It’s the end of the third week of rehearsals, and everybody is gearing themselves for the weekend move up to Oldham. At the start of this week, the rehearsal room was shaken up by the fight director Kevin, who was watching with an eye on the physical stories between the characters. As an observer, watching the director and all the actors, I feel placed in a strange, masculine setting––a real outsider as a female in the room. There are moments when I feel like I shouldn’t be listening, or watching, and I remember how rare it is to be a fly on the wall in this kind of situation, and why I believe the play will be so compelling to watch.
Aside from all the gender politics and the differences between male and female behaviour, there is an addictive joy in watching a series of games being played on the pool table, and watching characters who really care about every shot. As much as the text of the script, it’s the reactions to each and every shot that matters and carry the play forward, and the elephants in the rehearsal room get larger when it becomes apparent that the lads aren’t playing the game, and get worried by their lines, what their drinking or blocking. Iqbal likened the situation to the crime series, The Wire, to put across what he wanted, and asked the actors to find their "soft eyes."
Det. William ‘Bunk’ Moreland: You know what you need at a crime scene?

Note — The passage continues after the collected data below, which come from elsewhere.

text \<open>Integral of a nonnegative function over S^2 w.r.t. the standard surface
  measure d omega = sin th dth dph, as an extended nonnegative real.\<close>
definition sphere_nn_integral :: "(real^3 \<Rightarrow> real) \<Rightarrow> ennreal" where
  "sphere_nn_integral f =
     (\<integral>\<^sup>+ th. \<integral>\<^sup>+ ph. ennreal (f (S2pt th ph) * sin th)
          * indicator {0..pi} th * indicator {0..2*pi} ph \<partial>lborel \<partial>lborel)"

end

theory Submission
  imports Defs
begin

text \<open>
  Write a = R - t, u = R - t0, v = v0 + r and r' = |x0 + r w|, where r is the radius r-tilde,
  and put A = u^2 - |x0|^2 + 2ru, p = 2r x0. Then (a - r')(a + r') = A - p.w, |p| <= A and
  uv <= A <= 2uv. For gamma <= 0 this gives the pointwise bound a (a - r') <= 2A <= 4uv.
  For 0 < gamma < 1 it gives a - r' >= (A - p.w)/(2a), and A - p.w >= (A/2) max(1 - e.w, 1 - |p|/A)
  for the unit vector e along p. So the claim reduces to a bound, uniform in e, on the integral
  of (1 - e.w)^(-gamma) = (|w - e|^2/2)^(-gamma) over the sphere. It comes from a dyadic
  decomposition into caps around e: a cap of radius d has area O(d^2), and the resulting
  geometric series converges because gamma < 1.

  Rather than rotating e to the pole, which would need the rotation invariance of the surface
  measure defined through fixed spherical coordinates, cap areas are estimated directly in
  these coordinates: a cap lies in a latitude band of height O(rho d + d^2), rho the distance
  of its centre from the polar axis, and, if 2d < rho, in an azimuth window of width O(d/rho).
\<close>

section \<open>Integration over the sphere\<close>

lemma S2pt_nth [simp]:
  "S2pt th ph $ 1 = sin th * cos ph" "S2pt th ph $ 2 = sin th * sin ph" "S2pt th ph $ 3 = cos th"
  by (simp_all add: S2pt_def)

lemma power2_norm_vec3: "(norm (x :: real^3))\<^sup>2 = (x$1)\<^sup>2 + (x$2)\<^sup>2 + (x$3)\<^sup>2"
  by (simp only: power2_norm_eq_inner) (simp add: inner_vec_def sum_3 power2_eq_square)

lemma norm_S2pt [simp]: "norm (S2pt th ph) = 1"
proof -
  have "(norm (S2pt th ph))\<^sup>2 = (sin th)\<^sup>2 * ((cos ph)\<^sup>2 + (sin ph)\<^sup>2) + (cos th)\<^sup>2"
    unfolding power2_norm_vec3 S2pt_nth power_mult_distrib by algebra
  then show ?thesis using norm_ge_zero[of "S2pt th ph"] by (auto simp: power2_eq_1_iff)
qed

lemma borel_measurable_S2pt [measurable]:
  assumes [measurable]: "f \<in> borel_measurable M" "g \<in> borel_measurable M"
  shows "(\<lambda>x. S2pt (f x) (g x)) \<in> borel_measurable M"
proof (subst borel_measurable_euclidean_space, intro ballI)
  fix i :: "real^3" assume "i \<in> Basis"
  then obtain j where "i = axis j 1" by (auto simp: Basis_vec_def)
  moreover have "j = 1 \<or> j = 2 \<or> j = 3" using exhaust_3 by blast
  ultimately show "(\<lambda>x. S2pt (f x) (g x) \<bullet> i) \<in> borel_measurable M"
    by (auto simp: inner_axis)
qed

lemma sphere_nn_integral_mono:
  assumes "\<And>w. norm w = 1 \<Longrightarrow> f w \<le> g w"
  shows "sphere_nn_integral f \<le> sphere_nn_integral g"
  unfolding sphere_nn_integral_def
proof (intro nn_integral_mono)
  fix th ph :: real
  have "ennreal (f (S2pt th ph) * sin th) \<le> ennreal (g (S2pt th ph) * sin th)" if "th \<in> {0..pi}"
    using that assms[OF norm_S2pt] by (intro ennreal_leI mult_right_mono sin_ge_zero) auto
  then show "ennreal (f (S2pt th ph) * sin th) * indicator {0..pi} th * indicator {0..2*pi} ph
     \<le> ennreal (g (S2pt th ph) * sin th) * indicator {0..pi} th * indicator {0..2*pi} ph"
    by (cases "th \<in> {0..pi}") (auto intro: mult_right_mono)
qed

lemma sphere_nn_integral_const:
  assumes "0 \<le> c"
  shows "sphere_nn_integral (\<lambda>_. c) = ennreal (4 * pi * c)"
proof -
  have polar: "(\<integral>\<^sup>+th. ennreal (c * sin th) * indicator {0..pi} th \<partial>lborel) = ennreal (2 * c)"
  proof -
    have "(\<integral>\<^sup>+th. ennreal (c * sin th) * indicator {0..pi} th \<partial>lborel)
        = ennreal (- c * cos pi - - c * cos 0)"
      using assms
      by (intro nn_integral_FTC_Icc) (auto intro!: derivative_eq_intros mult_nonneg_nonneg sin_ge_zero)
    then show ?thesis by simp
  qed
  have "sphere_nn_integral (\<lambda>_. c)
      = (\<integral>\<^sup>+th. ennreal (c * sin th) * indicator {0..pi} th * emeasure lborel {0..2*pi} \<partial>lborel)"
    unfolding sphere_nn_integral_def by (subst nn_integral_cmult_indicator) auto
  also have "\<dots> = (\<integral>\<^sup>+th. ennreal (c * sin th) * indicator {0..pi} th \<partial>lborel) * emeasure lborel {0..2*pi}"
    by (rule nn_integral_multc) measurable
  also have "\<dots> = ennreal (2 * c) * ennreal (2 * pi)"
    unfolding polar by simp
  also have "\<dots> = ennreal (4 * pi * c)" using assms by (simp flip: ennreal_mult add: mult_ac)
  finally show ?thesis .
qed

lemma sphere_nn_integral_cmult:
  assumes "0 \<le> c" and [measurable]: "f \<in> borel_measurable borel"
  shows "sphere_nn_integral (\<lambda>w. c * f w) = ennreal c * sphere_nn_integral f"
proof -
  have "ennreal (c * f (S2pt th ph) * sin th) * indicator {0..pi} th * indicator {0..2*pi} ph
      = ennreal c * (ennreal (f (S2pt th ph) * sin th) * indicator {0..pi} th * indicator {0..2*pi} ph)"
    for th ph
    using assms(1) by (simp add: ennreal_mult' mult_ac)
  then show ?thesis
    unfolding sphere_nn_integral_def by (simp add: nn_integral_cmult)
qed

lemma sphere_nn_integral_le_suminf:
  assumes [measurable]: "\<And>k. g k \<in> borel_measurable borel" and "\<And>k. 0 \<le> c k"
    and "\<And>w. norm w = 1 \<Longrightarrow> ennreal (f w) \<le> (\<Sum>k. ennreal (c k * g k w))"
  shows "sphere_nn_integral f \<le> (\<Sum>k. ennreal (c k) * sphere_nn_integral (g k))"
proof -
  define h where "h k th ph = ennreal (c k * g k (S2pt th ph) * sin th) * indicator {0..pi} th
    * indicator {0..2*pi} ph" for k th ph
  have pointwise: "ennreal (f (S2pt th ph) * sin th) * indicator {0..pi} th * indicator {0..2*pi} ph
      \<le> (\<Sum>k. h k th ph)" for th ph
  proof (cases "th \<in> {0..pi}")
    case True
    then have sin: "0 \<le> sin th" by (simp add: sin_ge_zero)
    have "ennreal (f (S2pt th ph) * sin th) \<le> (\<Sum>k. ennreal (c k * g k (S2pt th ph))) * ennreal (sin th)"
      using assms(3)[OF norm_S2pt] sin by (simp add: ennreal_mult'' mult_right_mono)
    also have "\<dots> = (\<Sum>k. ennreal (c k * g k (S2pt th ph) * sin th))"
      using sin by (simp add: ennreal_suminf_multc ennreal_mult'')
    finally show ?thesis
      unfolding h_def ennreal_suminf_multc by (intro mult_right_mono) auto
  qed (simp add: h_def)
  have "sphere_nn_integral f \<le> (\<integral>\<^sup>+th. \<integral>\<^sup>+ph. (\<Sum>k. h k th ph) \<partial>lborel \<partial>lborel)"
    unfolding sphere_nn_integral_def by (intro nn_integral_mono pointwise)
  also have "\<dots> = (\<integral>\<^sup>+th. (\<Sum>k. \<integral>\<^sup>+ph. h k th ph \<partial>lborel) \<partial>lborel)"
    by (intro nn_integral_cong nn_integral_suminf) (unfold h_def, measurable)
  also have "\<dots> = (\<Sum>k. \<integral>\<^sup>+th. \<integral>\<^sup>+ph. h k th ph \<partial>lborel \<partial>lborel)"
    by (rule nn_integral_suminf) (unfold h_def, measurable)
  also have "\<dots> = (\<Sum>k. sphere_nn_integral (\<lambda>w. c k * g k w))"
    unfolding h_def sphere_nn_integral_def ..
  also have "\<dots> = (\<Sum>k. ennreal (c k) * sphere_nn_integral (g k))"
    using assms(2) by (simp add: sphere_nn_integral_cmult)
  finally show ?thesis .
qed

section \<open>Area of spherical caps\<close>

lemma nn_integral_sin_cos_band_le:
  assumes "0 \<le> h"
  shows "(\<integral>\<^sup>+th. ennreal (sin th) * indicator {th \<in> {0..pi}. \<bar>cos th - c\<bar> \<le> h} th \<partial>lborel)
    \<le> ennreal (2 * h)"
proof -
  define clamp :: "real \<Rightarrow> real" where "clamp x = max (-1) (min 1 x)" for x
  define a where "a = arccos (clamp (c + h))"
  define b where "b = arccos (clamp (c - h))"
  have clamp: "-1 \<le> clamp x" "clamp x \<le> 1" for x by (auto simp: clamp_def)
  have band: "{th \<in> {0..pi}. \<bar>cos th - c\<bar> \<le> h} \<subseteq> {a..b}"
  proof
    fix th assume th: "th \<in> {th \<in> {0..pi}. \<bar>cos th - c\<bar> \<le> h}"
    then have "clamp (c - h) \<le> cos th" "cos th \<le> clamp (c + h)"
      by (auto simp: clamp_def abs_le_iff le_max_iff_disj max.bounded_iff min_le_iff_disj)
    then have "a \<le> arccos (cos th)" "arccos (cos th) \<le> b"
      unfolding a_def b_def using clamp by (auto intro!: arccos_le_arccos)
    then show "th \<in> {a..b}" using th arccos_cos by auto
  qed
  have "a \<le> b"
    unfolding a_def b_def using clamp assms by (intro arccos_le_arccos) (auto simp: clamp_def)
  have "0 \<le> a" "b \<le> pi"
    using clamp by (auto simp: a_def b_def arccos_lbound arccos_ubound)
  have "(\<integral>\<^sup>+th. ennreal (sin th) * indicator {th \<in> {0..pi}. \<bar>cos th - c\<bar> \<le> h} th \<partial>lborel)
      \<le> (\<integral>\<^sup>+th. ennreal (sin th) * indicator {a..b} th \<partial>lborel)"
    using band by (intro nn_integral_mono) (auto split: split_indicator)
  also have "\<dots> = ennreal (- cos b - - cos a)"
    using \<open>a \<le> b\<close> \<open>0 \<le> a\<close> \<open>b \<le> pi\<close>
    by (intro nn_integral_FTC_Icc) (auto intro!: derivative_eq_intros sin_ge_zero)
  also have "- cos b - - cos a = clamp (c + h) - clamp (c - h)"
    unfolding a_def b_def using clamp by simp
  also have "\<dots> \<le> 2 * h"
    unfolding clamp_def using assms by auto
  finally show ?thesis by (simp add: ennreal_leI)
qed

lemma sphere_nn_integral_indicator_le_band:
  assumes "J \<in> sets borel" "0 \<le> h"
    and "\<And>th ph. th \<in> {0..pi} \<Longrightarrow> ph \<in> {0..2*pi} \<Longrightarrow> S2pt th ph \<in> A \<Longrightarrow> \<bar>cos th - c\<bar> \<le> h \<and> ph \<in> J"
  shows "sphere_nn_integral (indicator A) \<le> ennreal (2 * h) * emeasure lborel J"
proof -
  define I where "I = {th \<in> {0..pi}. \<bar>cos th - c\<bar> \<le> h}"
  have [measurable]: "I \<in> sets borel" unfolding I_def by measurable
  have "ennreal (indicator A (S2pt th ph) * sin th) * indicator {0..pi} th * indicator {0..2*pi} ph
      \<le> ennreal (sin th) * indicator I th * indicator J ph" for th ph
  proof (cases "th \<in> {0..pi} \<and> ph \<in> {0..2*pi} \<and> S2pt th ph \<in> A")
    case True
    then show ?thesis using assms(3)[of th ph] by (simp add: I_def)
  qed (auto split: split_indicator)
  then have "sphere_nn_integral (indicator A)
      \<le> (\<integral>\<^sup>+th. \<integral>\<^sup>+ph. ennreal (sin th) * indicator I th * indicator J ph \<partial>lborel \<partial>lborel)"
    unfolding sphere_nn_integral_def by (intro nn_integral_mono)
  also have "\<dots> = (\<integral>\<^sup>+th. ennreal (sin th) * indicator I th * emeasure lborel J \<partial>lborel)"
    using assms(1) by (subst nn_integral_cmult_indicator) auto
  also have "\<dots> = (\<integral>\<^sup>+th. ennreal (sin th) * indicator I th \<partial>lborel) * emeasure lborel J"
    by (rule nn_integral_multc) measurable
  also have "\<dots> \<le> ennreal (2 * h) * emeasure lborel J"
    unfolding I_def by (intro mult_right_mono nn_integral_sin_cos_band_le assms(2)) simp
  finally show ?thesis .
qed

lemma abs_le_two_abs_sin:
  fixes y :: real
  assumes "\<bar>y\<bar> \<le> pi" "0 < cos y"
  shows "\<bar>y\<bar> \<le> 2 * \<bar>sin y\<bar>"
proof -
  define z where "z = \<bar>y\<bar>"
  have "z < pi / 2"
  proof (rule ccontr)
    assume "\<not> z < pi / 2"
    then have "cos z \<le> cos (pi / 2)"
      using assms unfolding z_def by (intro cos_monotone_0_pi_le) auto
    moreover have "cos z = cos y" unfolding z_def by (simp add: abs_if)
    ultimately show False using assms by simp
  qed
  then have "z \<le> 8 / 5" using pi_approx(2) by simp
  then have "z\<^sup>2 \<le> 3" using mult_mono[of z "8/5" z "8/5"] by (simp add: z_def power2_eq_square)
  have taylor: "\<bar>sin z - (\<Sum>m<3. sin_coeff m * z ^ m)\<bar> \<le> inverse (fact 3) * \<bar>z\<bar> ^ 3"
    by (rule Maclaurin_sin_bound)
  have sum3: "(\<Sum>m<3. sin_coeff m * z ^ m) = z"
    by (simp add: sin_coeff_def eval_nat_numeral)
  have "\<bar>sin z - z\<bar> \<le> z ^ 3 / 6"
    using taylor unfolding sum3 by (simp add: z_def eval_nat_numeral)
  then have "z - z ^ 3 / 6 \<le> sin z" by linarith
  moreover have "z ^ 3 \<le> 3 * z"
    using mult_left_mono[OF \<open>z\<^sup>2 \<le> 3\<close>, of z] by (simp add: z_def power2_eq_square power3_eq_cube)
  moreover have "sin z \<le> \<bar>sin y\<bar>" by (simp add: z_def abs_if)
  ultimately show ?thesis unfolding z_def by linarith
qed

Det. Shakima ‘Kima’ Greggs: Rubber gloves?
Bunk: Soft eyes.
Kima: Like I’m suppose to cry and shit?
Bunk: If you got soft eyes, you can see the whole thing. If you got hard eyes — you staring at the same tree missing the forest.
Kima: Ah, zen shit.
Bunk: Soft eyes, grasshopper.
Like all of us, the actors have a tendency towards control; controlling their words, controlling their actions. But of course, the engaging moments are when the control is abandoned, as the unpredictable happens and the actors and us, share those moments of total surprise. Iqbal is very sensitive to this and has been constantly encouraging the actors to let loose, to be wrong, but, above all, to commit to every single action. He does this in a gentle and generous way, without wanting to be a puppeteer or dictator.
I do feel for the actors though. They have so much to remember, they drink an equivalent of four pints by the end of the first scene alone (not including shots of JD), they have to remember whose pool shot it is, whose round it is, stick to the script and the game… and hold on to their bladders!
“Soft eyes, boys,” says Jazz as we leave the London rehearsal studios and know we will meet again in Oldham to get ready for the curtain.